Easing the handle down, Slatcher leaned out of the doorway. Morena kept on with a charged walk, her hands forming fists at her sides, seemingly too focused to check behind her. Though Julio held a relaxed pace, his long legs kept him a few steps off her heels. Slatcher stepped clear of the stairwell and moved swiftly behind them both, using Julio’s breadth to block Morena’s line of sight should she decide to shoot a look over her shoulder. If he and Julio timed this right, they’d stack the doorway all at once, Morena serving as a shield for any return fire.
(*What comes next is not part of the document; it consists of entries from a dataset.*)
lemma psh_maximum_principle:
  fixes u :: "complex^'n \<Rightarrow> real"
  assumes "bounded \<Omega>" "open \<Omega>" "psh \<Omega> u" and cont: "continuous_on (closure \<Omega>) u"
    and frontier: "\<And>z. z \<in> frontier \<Omega> \<Longrightarrow> u z \<le> c" and "x \<in> \<Omega>"
  shows "u x \<le> c"
proof (rule ccontr)
  assume "\<not> u x \<le> c"
  obtain m where "m \<in> closure \<Omega>" and max: "\<And>y. y \<in> closure \<Omega> \<Longrightarrow> u y \<le> u m"
    using continuous_attains_sup[OF _ _ cont] assms closure_subset
    by (metis compact_closure empty_iff subsetD)
  define S where "S = {z \<in> closure \<Omega>. u z = u m}"
  have "closed S"
    unfolding S_def by (rule continuous_closed_preimage_constant[OF cont]) simp
  then have "compact S"
    using bounded_subset[OF bounded_closure[OF \<open>bounded \<Omega>\<close>]]
    by (auto simp: compact_eq_bounded_closed S_def)
  have "c < u m"
    using max[of x] closure_subset[of \<Omega>] \<open>x \<in> \<Omega>\<close> \<open>\<not> u x \<le> c\<close> by auto
  then have "S \<subseteq> \<Omega>"
    using frontier by (force simp: S_def closure_Un_frontier)
  define j :: 'n where "j = undefined" \<comment> \<open>any coordinate will do\<close>
  have "m \<in> S"
    using \<open>m \<in> closure \<Omega>\<close> by (simp add: S_def)
  moreover have "continuous_on S (\<lambda>y. Re (y $ j))"
    by (intro continuous_intros)
  ultimately obtain a where "a \<in> S" and a_max: "\<And>y. y \<in> S \<Longrightarrow> Re (y $ j) \<le> Re (a $ j)"
    using continuous_attains_sup[OF \<open>compact S\<close>] by blast
  moreover have "continuous_on \<Omega> u"
    using cont closure_subset continuous_on_subset by blast
  moreover have "\<And>y. y \<in> \<Omega> \<Longrightarrow> u y \<le> u a"
    using max \<open>a \<in> S\<close> closure_subset by (auto simp: S_def)
  ultimately obtain y where "y \<in> \<Omega>" "u y = u a" "Re (a $ j) < Re (y $ j)"
    using psh_max_attained_further[of \<Omega> u a] assms \<open>S \<subseteq> \<Omega>\<close> by blast
  then have "y \<in> S"
    using \<open>a \<in> S\<close> closure_subset by (auto simp: S_def)
  then show False
    using a_max \<open>Re (a $ j) < Re (y $ j)\<close> by force
qed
Midway down the hall, she tapped on a door, then turned the handle and entered. Slipping a hand beneath one impeccable lapel, Julio drew a pistol and accelerated the final two steps to the door. His own pistol now in hand, Slatcher turned on a sprint, closing on Julio, his momentum carrying him into perfect position.
They aligned to crash the room in tight order, a three-car train pulling in to the station at last.
Eight stories up from the balcony window of the gaudily decorated hotel room, Evan had watched the sluggish convoy lurch along Sands Avenue — first the wheezing bus, then the purple Scion, then a dark SUV. He’d tied a length of rappelling rope around the balcony post, letting it dangle above the open-air footbridge one story below. He’d parked his Ford F-150 on the roof of the parking structure across the bridge, backed into the space to allow for speedy egress. From the window he could see the rear of the waiting pickup, its truck vaults gleaming in the bed.